MATERIALS PROVIDED Block Start

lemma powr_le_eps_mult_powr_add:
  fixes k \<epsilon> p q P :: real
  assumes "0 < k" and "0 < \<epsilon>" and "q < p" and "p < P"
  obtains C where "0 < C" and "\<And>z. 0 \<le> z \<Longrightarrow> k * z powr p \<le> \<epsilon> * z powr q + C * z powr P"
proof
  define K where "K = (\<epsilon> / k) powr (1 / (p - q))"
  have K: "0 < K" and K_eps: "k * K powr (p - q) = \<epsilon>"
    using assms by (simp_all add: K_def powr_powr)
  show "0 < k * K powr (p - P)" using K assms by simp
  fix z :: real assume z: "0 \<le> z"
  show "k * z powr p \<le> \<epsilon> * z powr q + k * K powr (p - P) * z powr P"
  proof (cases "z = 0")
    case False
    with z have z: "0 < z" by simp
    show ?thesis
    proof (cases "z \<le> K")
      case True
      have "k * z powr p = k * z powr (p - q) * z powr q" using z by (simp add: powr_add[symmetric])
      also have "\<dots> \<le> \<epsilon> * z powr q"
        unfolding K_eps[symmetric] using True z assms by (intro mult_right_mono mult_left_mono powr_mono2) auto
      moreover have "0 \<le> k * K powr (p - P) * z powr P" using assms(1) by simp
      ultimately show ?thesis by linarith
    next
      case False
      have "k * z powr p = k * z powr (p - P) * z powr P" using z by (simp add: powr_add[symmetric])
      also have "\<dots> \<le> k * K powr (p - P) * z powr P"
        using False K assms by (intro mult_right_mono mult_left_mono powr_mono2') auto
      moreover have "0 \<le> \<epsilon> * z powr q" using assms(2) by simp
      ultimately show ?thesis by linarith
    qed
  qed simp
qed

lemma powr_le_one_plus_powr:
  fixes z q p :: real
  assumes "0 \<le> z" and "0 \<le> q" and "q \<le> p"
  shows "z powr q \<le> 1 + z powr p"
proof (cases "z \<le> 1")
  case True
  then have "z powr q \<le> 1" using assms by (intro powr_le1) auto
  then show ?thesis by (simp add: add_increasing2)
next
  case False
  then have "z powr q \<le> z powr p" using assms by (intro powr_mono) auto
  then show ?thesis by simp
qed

MATERIALS PROVIDED Block End
MATERIALS PROVIDED Block Start

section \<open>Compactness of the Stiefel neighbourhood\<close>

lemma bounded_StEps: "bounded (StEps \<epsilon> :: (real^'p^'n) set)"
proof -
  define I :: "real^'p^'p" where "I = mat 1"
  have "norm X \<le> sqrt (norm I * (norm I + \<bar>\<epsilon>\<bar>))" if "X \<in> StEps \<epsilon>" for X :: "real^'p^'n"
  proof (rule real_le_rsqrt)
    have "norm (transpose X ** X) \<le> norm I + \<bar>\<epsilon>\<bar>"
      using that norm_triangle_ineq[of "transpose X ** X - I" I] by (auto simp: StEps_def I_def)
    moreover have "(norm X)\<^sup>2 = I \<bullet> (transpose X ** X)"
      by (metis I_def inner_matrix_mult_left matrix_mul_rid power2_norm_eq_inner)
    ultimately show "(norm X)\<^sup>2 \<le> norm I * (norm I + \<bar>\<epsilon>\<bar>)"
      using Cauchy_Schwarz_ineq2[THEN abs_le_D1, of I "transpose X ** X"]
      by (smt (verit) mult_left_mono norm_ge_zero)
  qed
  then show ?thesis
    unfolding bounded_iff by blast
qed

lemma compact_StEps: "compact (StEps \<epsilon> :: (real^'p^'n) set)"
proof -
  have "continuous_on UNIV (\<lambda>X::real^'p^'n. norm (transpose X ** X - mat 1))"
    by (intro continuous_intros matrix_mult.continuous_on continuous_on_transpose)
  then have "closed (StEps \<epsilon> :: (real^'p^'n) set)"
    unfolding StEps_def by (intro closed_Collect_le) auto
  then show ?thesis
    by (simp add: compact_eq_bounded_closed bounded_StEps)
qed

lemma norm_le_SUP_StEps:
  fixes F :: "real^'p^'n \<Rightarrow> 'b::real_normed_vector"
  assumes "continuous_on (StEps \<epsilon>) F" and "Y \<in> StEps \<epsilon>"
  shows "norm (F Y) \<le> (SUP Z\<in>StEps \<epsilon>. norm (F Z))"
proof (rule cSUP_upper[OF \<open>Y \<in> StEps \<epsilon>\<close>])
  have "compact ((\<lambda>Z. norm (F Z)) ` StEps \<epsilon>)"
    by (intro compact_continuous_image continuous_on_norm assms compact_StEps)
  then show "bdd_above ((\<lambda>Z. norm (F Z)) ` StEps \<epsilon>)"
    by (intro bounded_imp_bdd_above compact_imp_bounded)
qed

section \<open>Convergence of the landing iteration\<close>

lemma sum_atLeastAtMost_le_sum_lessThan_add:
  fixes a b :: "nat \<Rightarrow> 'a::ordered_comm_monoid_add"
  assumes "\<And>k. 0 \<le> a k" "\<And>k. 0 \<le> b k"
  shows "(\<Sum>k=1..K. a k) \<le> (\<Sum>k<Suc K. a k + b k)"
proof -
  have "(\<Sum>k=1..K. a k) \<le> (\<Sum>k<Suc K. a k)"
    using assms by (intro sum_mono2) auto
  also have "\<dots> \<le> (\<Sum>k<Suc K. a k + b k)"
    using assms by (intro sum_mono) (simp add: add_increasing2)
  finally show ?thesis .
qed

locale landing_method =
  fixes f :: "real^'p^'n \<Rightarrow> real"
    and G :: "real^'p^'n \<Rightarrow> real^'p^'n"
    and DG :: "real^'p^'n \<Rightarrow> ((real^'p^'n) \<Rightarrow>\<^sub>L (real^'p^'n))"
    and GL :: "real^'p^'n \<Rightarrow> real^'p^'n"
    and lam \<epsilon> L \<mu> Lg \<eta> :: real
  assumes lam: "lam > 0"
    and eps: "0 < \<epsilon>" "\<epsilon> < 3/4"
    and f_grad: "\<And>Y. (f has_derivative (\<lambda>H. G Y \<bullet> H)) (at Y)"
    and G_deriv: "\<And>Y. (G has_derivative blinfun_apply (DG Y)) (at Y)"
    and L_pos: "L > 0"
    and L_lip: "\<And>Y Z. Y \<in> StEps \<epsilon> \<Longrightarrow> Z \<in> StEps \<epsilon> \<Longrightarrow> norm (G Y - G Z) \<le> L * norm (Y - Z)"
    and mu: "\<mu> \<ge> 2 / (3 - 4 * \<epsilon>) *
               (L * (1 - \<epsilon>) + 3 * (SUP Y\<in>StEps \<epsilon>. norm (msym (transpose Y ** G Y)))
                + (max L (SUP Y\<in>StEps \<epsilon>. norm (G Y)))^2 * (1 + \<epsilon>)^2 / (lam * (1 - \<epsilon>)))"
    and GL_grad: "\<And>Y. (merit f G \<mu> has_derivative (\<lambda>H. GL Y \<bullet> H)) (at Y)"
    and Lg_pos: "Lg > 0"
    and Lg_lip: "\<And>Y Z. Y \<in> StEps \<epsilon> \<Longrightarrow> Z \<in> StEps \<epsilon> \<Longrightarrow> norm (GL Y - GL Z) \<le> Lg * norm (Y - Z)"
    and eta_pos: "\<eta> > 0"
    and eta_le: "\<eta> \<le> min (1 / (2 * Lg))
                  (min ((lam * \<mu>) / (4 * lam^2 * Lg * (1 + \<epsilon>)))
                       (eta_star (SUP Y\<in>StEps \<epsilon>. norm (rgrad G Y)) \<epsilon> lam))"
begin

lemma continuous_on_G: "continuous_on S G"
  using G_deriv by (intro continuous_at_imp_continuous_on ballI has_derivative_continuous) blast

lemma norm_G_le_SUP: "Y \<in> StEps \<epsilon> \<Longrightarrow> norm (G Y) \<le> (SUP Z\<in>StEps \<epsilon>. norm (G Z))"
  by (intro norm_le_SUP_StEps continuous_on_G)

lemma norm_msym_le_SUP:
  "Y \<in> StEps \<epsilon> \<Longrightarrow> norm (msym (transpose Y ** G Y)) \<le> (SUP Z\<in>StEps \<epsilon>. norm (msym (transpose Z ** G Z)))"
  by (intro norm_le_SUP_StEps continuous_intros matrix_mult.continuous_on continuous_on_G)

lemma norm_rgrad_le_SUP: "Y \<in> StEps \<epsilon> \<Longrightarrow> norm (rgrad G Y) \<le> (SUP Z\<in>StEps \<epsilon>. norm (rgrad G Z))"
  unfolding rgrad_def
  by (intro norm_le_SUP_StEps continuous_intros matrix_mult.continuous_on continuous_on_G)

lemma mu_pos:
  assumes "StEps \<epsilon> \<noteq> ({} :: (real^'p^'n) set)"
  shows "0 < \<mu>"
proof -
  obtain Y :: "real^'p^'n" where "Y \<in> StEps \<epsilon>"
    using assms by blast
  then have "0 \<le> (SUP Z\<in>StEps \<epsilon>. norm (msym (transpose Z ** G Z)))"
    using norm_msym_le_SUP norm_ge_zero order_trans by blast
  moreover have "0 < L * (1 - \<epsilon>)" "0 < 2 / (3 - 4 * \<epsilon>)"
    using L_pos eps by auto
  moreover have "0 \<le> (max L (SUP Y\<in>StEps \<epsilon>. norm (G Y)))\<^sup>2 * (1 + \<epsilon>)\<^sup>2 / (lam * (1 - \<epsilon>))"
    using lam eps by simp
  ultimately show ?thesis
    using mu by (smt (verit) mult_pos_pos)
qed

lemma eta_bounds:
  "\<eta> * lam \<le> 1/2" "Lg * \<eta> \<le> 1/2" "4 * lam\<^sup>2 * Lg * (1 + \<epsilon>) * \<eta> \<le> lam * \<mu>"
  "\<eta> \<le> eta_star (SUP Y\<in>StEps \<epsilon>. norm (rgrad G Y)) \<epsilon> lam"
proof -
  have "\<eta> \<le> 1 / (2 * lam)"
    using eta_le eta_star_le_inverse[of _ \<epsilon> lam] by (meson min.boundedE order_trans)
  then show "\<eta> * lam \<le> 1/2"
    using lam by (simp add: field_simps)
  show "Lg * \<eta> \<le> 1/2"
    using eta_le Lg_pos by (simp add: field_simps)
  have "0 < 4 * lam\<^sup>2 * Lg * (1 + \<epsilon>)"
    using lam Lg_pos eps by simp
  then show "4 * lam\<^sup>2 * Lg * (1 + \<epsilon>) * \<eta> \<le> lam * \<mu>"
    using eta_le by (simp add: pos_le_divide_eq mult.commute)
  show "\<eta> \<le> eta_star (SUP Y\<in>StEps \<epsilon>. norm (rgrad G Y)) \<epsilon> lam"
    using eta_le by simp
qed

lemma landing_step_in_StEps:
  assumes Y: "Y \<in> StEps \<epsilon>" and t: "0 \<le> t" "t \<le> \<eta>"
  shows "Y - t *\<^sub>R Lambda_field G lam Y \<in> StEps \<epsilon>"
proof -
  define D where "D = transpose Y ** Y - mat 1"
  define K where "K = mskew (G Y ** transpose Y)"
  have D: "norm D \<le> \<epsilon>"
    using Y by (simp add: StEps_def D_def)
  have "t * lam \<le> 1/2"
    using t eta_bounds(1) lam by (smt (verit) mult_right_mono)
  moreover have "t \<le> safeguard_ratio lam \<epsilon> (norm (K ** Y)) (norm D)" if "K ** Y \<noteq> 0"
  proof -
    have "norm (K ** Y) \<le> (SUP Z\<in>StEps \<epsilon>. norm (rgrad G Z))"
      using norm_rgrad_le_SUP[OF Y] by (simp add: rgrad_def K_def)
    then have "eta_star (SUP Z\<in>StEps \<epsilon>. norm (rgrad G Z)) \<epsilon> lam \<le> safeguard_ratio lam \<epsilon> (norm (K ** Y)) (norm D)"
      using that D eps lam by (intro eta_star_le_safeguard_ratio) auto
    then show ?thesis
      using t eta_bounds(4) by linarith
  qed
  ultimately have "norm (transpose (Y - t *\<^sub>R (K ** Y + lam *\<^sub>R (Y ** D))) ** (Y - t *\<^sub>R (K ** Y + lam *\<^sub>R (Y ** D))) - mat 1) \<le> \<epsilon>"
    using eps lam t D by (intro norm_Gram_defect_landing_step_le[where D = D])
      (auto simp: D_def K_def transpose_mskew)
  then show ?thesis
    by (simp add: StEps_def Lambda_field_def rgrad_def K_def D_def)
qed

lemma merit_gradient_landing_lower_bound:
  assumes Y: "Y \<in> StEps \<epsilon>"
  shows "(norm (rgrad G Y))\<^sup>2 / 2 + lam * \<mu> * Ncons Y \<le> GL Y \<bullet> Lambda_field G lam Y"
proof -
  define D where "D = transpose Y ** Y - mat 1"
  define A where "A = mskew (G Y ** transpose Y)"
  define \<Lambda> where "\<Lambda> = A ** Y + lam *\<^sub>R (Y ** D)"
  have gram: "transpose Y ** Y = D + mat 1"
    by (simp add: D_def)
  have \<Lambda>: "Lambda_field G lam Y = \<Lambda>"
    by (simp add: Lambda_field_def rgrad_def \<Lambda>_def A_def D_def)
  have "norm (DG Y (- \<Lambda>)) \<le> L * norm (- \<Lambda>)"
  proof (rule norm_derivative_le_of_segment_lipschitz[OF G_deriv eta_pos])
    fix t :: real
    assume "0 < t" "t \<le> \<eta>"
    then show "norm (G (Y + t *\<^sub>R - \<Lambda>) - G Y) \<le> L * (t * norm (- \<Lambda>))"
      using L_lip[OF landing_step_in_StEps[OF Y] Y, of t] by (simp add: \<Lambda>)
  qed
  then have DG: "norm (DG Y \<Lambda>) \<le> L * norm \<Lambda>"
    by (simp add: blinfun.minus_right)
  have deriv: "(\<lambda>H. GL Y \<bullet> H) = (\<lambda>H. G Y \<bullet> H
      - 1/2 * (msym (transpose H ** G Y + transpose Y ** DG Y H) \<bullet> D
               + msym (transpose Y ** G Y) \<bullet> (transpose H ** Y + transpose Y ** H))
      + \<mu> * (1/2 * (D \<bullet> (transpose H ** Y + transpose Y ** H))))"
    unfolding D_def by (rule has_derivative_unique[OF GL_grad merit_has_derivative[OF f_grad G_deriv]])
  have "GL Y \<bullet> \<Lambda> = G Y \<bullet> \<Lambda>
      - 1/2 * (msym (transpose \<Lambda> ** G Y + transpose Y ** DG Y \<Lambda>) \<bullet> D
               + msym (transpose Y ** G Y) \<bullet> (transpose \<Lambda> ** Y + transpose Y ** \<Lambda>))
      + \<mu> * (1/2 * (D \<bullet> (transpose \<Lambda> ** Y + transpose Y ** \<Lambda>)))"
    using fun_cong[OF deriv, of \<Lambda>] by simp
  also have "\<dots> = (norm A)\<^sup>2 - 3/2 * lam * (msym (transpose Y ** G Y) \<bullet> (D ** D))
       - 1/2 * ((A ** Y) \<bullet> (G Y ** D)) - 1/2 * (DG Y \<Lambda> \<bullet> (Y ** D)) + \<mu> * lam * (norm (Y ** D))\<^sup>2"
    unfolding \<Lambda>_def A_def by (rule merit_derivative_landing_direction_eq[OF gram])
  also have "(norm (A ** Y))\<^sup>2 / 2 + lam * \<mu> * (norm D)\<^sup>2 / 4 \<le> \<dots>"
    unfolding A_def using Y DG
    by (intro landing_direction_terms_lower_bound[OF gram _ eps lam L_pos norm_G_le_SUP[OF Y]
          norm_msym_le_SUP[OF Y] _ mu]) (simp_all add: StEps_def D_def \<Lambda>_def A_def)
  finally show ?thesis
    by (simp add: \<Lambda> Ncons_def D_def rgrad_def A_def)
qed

MATERIALS PROVIDED Block End

INSTRUCTIONS TO FOLLOW:
Using the material above, return every line that holds the string "where".

WRITTEN RESPONSE:
  obtains C where "0 < C" and "\<And>z. 0 \<le> z \<Longrightarrow> k * z powr p \<le> \<epsilon> * z powr q + C * z powr P"
  define K where "K = (\<epsilon> / k) powr (1 / (p - q))"
  define I :: "real^'p^'p" where "I = mat 1"
  obtain Y :: "real^'p^'n" where "Y \<in> StEps \<epsilon>"
  define D where "D = transpose Y ** Y - mat 1"
  define K where "K = mskew (G Y ** transpose Y)"
    using eps lam t D by (intro norm_Gram_defect_landing_step_le[where D = D])
  define D where "D = transpose Y ** Y - mat 1"
  define A where "A = mskew (G Y ** transpose Y)"
  define \<Lambda> where "\<Lambda> = A ** Y + lam *\<^sub>R (Y ** D)"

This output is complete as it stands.